Pedestrian Danger on Niagara Falls Boulevard is Part of a National Trend

June 14, 2018
Six pedestrians have been killed in recent years along a 1.7-mile section of the boulevard, a busy arterial street with several lanes of traffic just north of I-290. (John Hickey/News File photo)
Six pedestrians have been killed in recent years along a 1.7-mile section of the boulevard, a busy arterial street with several lanes of traffic just north of I-290.

The portion of Niagara Falls Boulevard that separates Amherst and Tonawanda north of the I-290 has a well-earned reputation as both a congested thoroughfare for motor vehicles driving on it and a deadly gambit for pedestrians trying to get across it.

According to a new national study, it also has a lot of company.

Pedestrian deaths on arterials like Niagara Falls Boulevard increased 67 percent in the United States between 2009 and 2016, according to the report from the Insurance Institute for Highway Safety.
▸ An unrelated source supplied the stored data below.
(* For every positive integer $r$ there exist an integer $K_r\le 3^r$, elements $a_1,\dots,a_{K_r}\in\mathbf{D}_3$, and a map $\pi:\{1,\dots,K_r\}\to\{1,\dots,r\}$ such that for every $y\in\{0,1\}^r$, $$a_1^{y_{\pi(1)}}a_2^{y_{\pi(2)}}\cdots a_{K_r}^{y_{\pi(K_r)}}\neq 1\iff y_1=y_2=\dots=y_r=1.$$ Equivalently, the linear equation $C(x_1,\dots,x_{K_r})=a_1^{x_1}\cdots a_{K_r}^{x_{K_r}}$ over $\mathbf{D}_3$ satisfies $\mathbf 1[C(y_{\pi(1)},\dots,y_{\pi(K_r)})\ne1]=\mathbf{AND}_r(y_1,\dots,y_r)$.
   Context: $\mathbf{D}_3$ denotes the dihedral group of order 6; $1$ denotes its identity and $a^0=1$, $a^1=a$. A linear equation over a group $G$ on variables $x_1,\dots,x_K\in\{0,1\}$ is a map of the form $C(x)=a_1^{x_1}\cdots a_K^{x_K}$ with $a_i\in G$, the product taken in the given order. $\mathbf{AND}_r(y)=1$ iff all $y_i=1$, and $0$ otherwise. *)

theory Defs
  imports "HOL-Algebra.Group"
begin

text \<open>The dihedral group D3 of order 6, realised concretely: the element (k, s)
  with k in {0,1,2} and s a boolean stands for rho^k sigma^s (rho a rotation of order 3,
  sigma a reflection, sigma rho sigma = rho^-1).  Hence
  (k1,s1)(k2,s2) = (k1 + (-1)^s1 k2 mod 3, s1 xor s2).\<close>

definition D3 :: "(int \<times> bool) monoid" where
  "D3 = \<lparr> carrier = {0,1,2} \<times> UNIV,
          mult = (\<lambda>(k1, s1) (k2, s2). ((k1 + (if s1 then - k2 else k2)) mod 3, s1 \<noteq> s2)),
          one = (0, False) \<rparr>"

definition list_prod :: "('a, 'b) monoid_scheme \<Rightarrow> 'a list \<Rightarrow> 'a" where
  "list_prod G xs = foldr (\<lambda>x acc. x \<otimes>\<^bsub>G\<^esub> acc) xs \<one>\<^bsub>G\<^esub>"

end

theory Submission
  imports Defs
begin

text \<open>Let g be an element of order 3 and s an involution with s g s = g^-1.  Start from
  the one-letter equation g^(y_0) and, for each further variable y, replace the current
  equation w by w w s^y w s^y.  As long as w evaluates to 1 or g, the new equation evaluates to
  w w w^-1 = w if y = 1 and to w^3 = 1 if y = 0.  So after r - 1 steps the equation evaluates
  to g if all variables are 1 and to 1 otherwise, and its length L satisfies L + 1 = 2 * 3^(r-1).
  In D3, take a rotation for g and a reflection for s.\<close>

context monoid
begin

lemma list_prod_Nil [simp]: "list_prod G [] = \<one>"
  by (simp add: list_prod_def)

lemma list_prod_Cons [simp]: "list_prod G (x # xs) = x \<otimes> list_prod G xs"
  by (simp add: list_prod_def)

lemma list_prod_closed [intro, simp]: "set xs \<subseteq> carrier G \<Longrightarrow> list_prod G xs \<in> carrier G"
  by (induction xs) auto

lemma list_prod_append:
  "set xs \<subseteq> carrier G \<Longrightarrow> set ys \<subseteq> carrier G \<Longrightarrow>
    list_prod G (xs @ ys) = list_prod G xs \<otimes> list_prod G ys"
  by (induction xs) (auto simp: m_assoc)

end

definition eval_equation :: "('a, 'b) monoid_scheme \<Rightarrow> (nat \<Rightarrow> nat) \<Rightarrow> ('a \<times> nat) list \<Rightarrow> 'a"
  where "eval_equation G y P = list_prod G (map (\<lambda>(a, j). a [^]\<^bsub>G\<^esub> y j) P)"

lemma eval_equation_conv_nth:
  "eval_equation G y P = list_prod G (map (\<lambda>i. fst (P ! i) [^]\<^bsub>G\<^esub> y (snd (P ! i))) [0..<length P])"
  unfolding eval_equation_def by (rule arg_cong [where f = "list_prod G"], rule nth_equalityI)
    (auto simp: case_prod_beta)

lemma (in monoid) eval_equation_append:
  assumes "fst ` set P \<subseteq> carrier G" and "fst ` set Q \<subseteq> carrier G"
  shows "eval_equation G y (P @ Q) = eval_equation G y P \<otimes> eval_equation G y Q"
  using assms unfolding eval_equation_def map_append
  by (intro list_prod_append) auto

lemma (in monoid) eval_equation_Nil [simp]: "eval_equation G y [] = \<one>"
  by (simp add: eval_equation_def)

lemma (in monoid) eval_equation_Cons [simp]:
  "eval_equation G y ((a, j) # P) = a [^] y j \<otimes> eval_equation G y P"
  by (simp add: eval_equation_def)

fun and_equation :: "'a \<Rightarrow> 'a \<Rightarrow> nat \<Rightarrow> ('a \<times> nat) list" where
  "and_equation g s 0 = [(g, 0)]"
| "and_equation g s (Suc n) =
    and_equation g s n @ and_equation g s n @ [(s, Suc n)] @ and_equation g s n @ [(s, Suc n)]"

lemma length_and_equation: "length (and_equation g s n) + 1 = 2 * 3 ^ n"
  by (induction n) auto

lemma and_equation_coefficients: "fst ` set (and_equation g s n) \<subseteq> {g, s}"
  by (induction n) auto

lemma and_equation_variables: "snd ` set (and_equation g s n) \<subseteq> {..n}"
  by (induction n) auto

context group
begin

lemma eval_and_equation:
  assumes g: "g \<in> carrier G" and s: "s \<in> carrier G"
    and g_cube: "g [^] (3 :: nat) = \<one>" and s_square: "s \<otimes> s = \<one>"
    and s_inverts_g: "s \<otimes> g \<otimes> s = inv g"
    and y: "\<forall>j\<le>n. y j \<in> {0, 1}"
  shows "eval_equation G y (and_equation g s n) = (if \<forall>j\<le>n. y j = 1 then g else \<one>)"
  using y
proof (induction n)
  case 0
  then show ?case using g by auto
next
  case (Suc n)
  define w where "w = eval_equation G y (and_equation g s n)"
  have IH: "w = (if \<forall>j\<le>n. y j = 1 then g else \<one>)"
    using Suc by (simp add: w_def)
  then have w: "w \<in> carrier G" using g by simp
  have coeffs: "fst ` set (and_equation g s n) \<subseteq> carrier G"
    using and_equation_coefficients [of g s n] g s by auto
  let ?t = "s [^] y (Suc n)"
  have "eval_equation G y (and_equation g s (Suc n)) = w \<otimes> (w \<otimes> (?t \<otimes> (w \<otimes> ?t)))"
    using coeffs s by (simp add: eval_equation_append flip: w_def)
  also have "\<dots> = (if y (Suc n) = 1 then w else \<one>)"
  proof (cases "y (Suc n) = 1")
    case True
    have "s \<otimes> w \<otimes> s = inv w"
      using IH g s s_square s_inverts_g by auto
    then show ?thesis using True w s by (simp add: m_assoc [symmetric])
  next
    case False
    then have "y (Suc n) = 0" using Suc.prems by auto
    moreover have "w \<otimes> (w \<otimes> w) = \<one>"
      using IH g g_cube by (auto simp: numeral_3_eq_3 m_assoc)
    ultimately show ?thesis using False w by simp
  qed
  also have "\<dots> = (if \<forall>j\<le>Suc n. y j = 1 then g else \<one>)"
    using IH by (auto simp: le_Suc_eq)
  finally show ?case .
qed

end

lemma group_D3: "group D3"
proof (rule groupI)
  fix x y z assume "x \<in> carrier D3" "y \<in> carrier D3" "z \<in> carrier D3"
  then show "x \<otimes>\<^bsub>D3\<^esub> y \<otimes>\<^bsub>D3\<^esub> z = x \<otimes>\<^bsub>D3\<^esub> (y \<otimes>\<^bsub>D3\<^esub> z)"
    by (cases x; cases y; cases z) (auto simp: D3_def)
next
  fix x assume "x \<in> carrier D3"
  then obtain k s where x: "x = (k, s)" "k \<in> {0, 1, 2}" by (auto simp: D3_def)
  show "\<exists>x'\<in>carrier D3. x' \<otimes>\<^bsub>D3\<^esub> x = \<one>\<^bsub>D3\<^esub>"
    using x by (intro bexI[of _ "if s then (k, True) else (- k mod 3, False)"]) (auto simp: D3_def)
qed (auto simp: D3_def split: prod.splits)

interpretation D3: group D3
  by (rule group_D3)

abbreviation rotation :: "int \<times> bool" where "rotation \<equiv> (1, False)"
abbreviation reflection :: "int \<times> bool" where "reflection \<equiv> (0, True)"

lemma D3_rotation_cube: "rotation [^]\<^bsub>D3\<^esub> (3 :: nat) = \<one>\<^bsub>D3\<^esub>"
  by (simp add: numeral_3_eq_3 D3_def)

lemma D3_reflection_square: "reflection \<otimes>\<^bsub>D3\<^esub> reflection = \<one>\<^bsub>D3\<^esub>"
  by (simp add: D3_def)

lemma D3_reflection_inverts_rotation:
  "reflection \<otimes>\<^bsub>D3\<^esub> rotation \<otimes>\<^bsub>D3\<^esub> reflection = inv\<^bsub>D3\<^esub> rotation"
  by (rule D3.inv_equality [symmetric]) (auto simp: D3_def)

lemma D3_eval_and_equation:
  assumes "\<forall>j\<le>n. y j \<in> {0, 1}"
  shows "eval_equation D3 y (and_equation rotation reflection n) \<noteq> \<one>\<^bsub>D3\<^esub> \<longleftrightarrow> (\<forall>j\<le>n. y j = 1)"
  using D3.eval_and_equation [OF _ _ D3_rotation_cube D3_reflection_square
      D3_reflection_inverts_rotation assms]
  by (simp add: D3_def)

theorem mainTheorem11:
  fixes r :: nat
  assumes "r \<ge> 1"
  shows "\<exists>K :: nat. K \<le> 3 ^ r \<and>
           (\<exists>(a :: nat \<Rightarrow> int \<times> bool) (\<pi> :: nat \<Rightarrow> nat).
              (\<forall>i<K. a i \<in> carrier D3) \<and> (\<forall>i<K. \<pi> i < r) \<and>
              (\<forall>y :: nat \<Rightarrow> nat. (\<forall>j<r. y j \<in> {0, 1}) \<longrightarrow>
                 (list_prod D3 (map (\<lambda>i. a i [^]\<^bsub>D3\<^esub> y (\<pi> i)) [0..<K]) \<noteq> \<one>\<^bsub>D3\<^esub>
                  \<longleftrightarrow> (\<forall>j<r. y j = 1))))"
proof -
  obtain n where r: "r = Suc n" using assms by (cases r) auto
  define P where "P = and_equation rotation reflection n"
  have length_bound: "length P \<le> 3 ^ r"
    using length_and_equation [of rotation reflection n] by (simp add: P_def r)
  have "fst ` set P \<subseteq> carrier D3"
    using and_equation_coefficients [of rotation reflection n] by (auto simp: P_def D3_def)
  then have coefficients: "\<forall>i<length P. fst (P ! i) \<in> carrier D3"
    by auto
  have "snd ` set P \<subseteq> {..<r}"
    using and_equation_variables [of rotation reflection n] by (auto simp: P_def r)
  then have variables: "\<forall>i<length P. snd (P ! i) < r"
    by (auto intro: nth_mem)
  have evaluation: "list_prod D3 (map (\<lambda>i. fst (P ! i) [^]\<^bsub>D3\<^esub> y (snd (P ! i))) [0..<length P])
      \<noteq> \<one>\<^bsub>D3\<^esub> \<longleftrightarrow> (\<forall>j<r. y j = 1)" if "\<forall>j<r. y j \<in> {0, 1}" for y :: "nat \<Rightarrow> nat"
    using D3_eval_and_equation [of n y] that
    by (simp add: eval_equation_conv_nth P_def r less_Suc_eq_le)
  show ?thesis
    using length_bound coefficients variables evaluation
    by (intro exI [of _ "length P"] conjI exI [of _ "\<lambda>i. fst (P ! i)"] exI [of _ "\<lambda>i. snd (P ! i)"])
      blast+
qed

end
The report said almost the entire increase in pedestrian fatalities in the United States occurred on the 4 percent of streets that are defined as arterials, wide roads in cities and suburbs designed to carry heavy traffic traveling at or near expressway speeds.

It also contained another nugget that is applicable to the boulevard: Deaths on arterials increased 54 percent during “dark conditions.”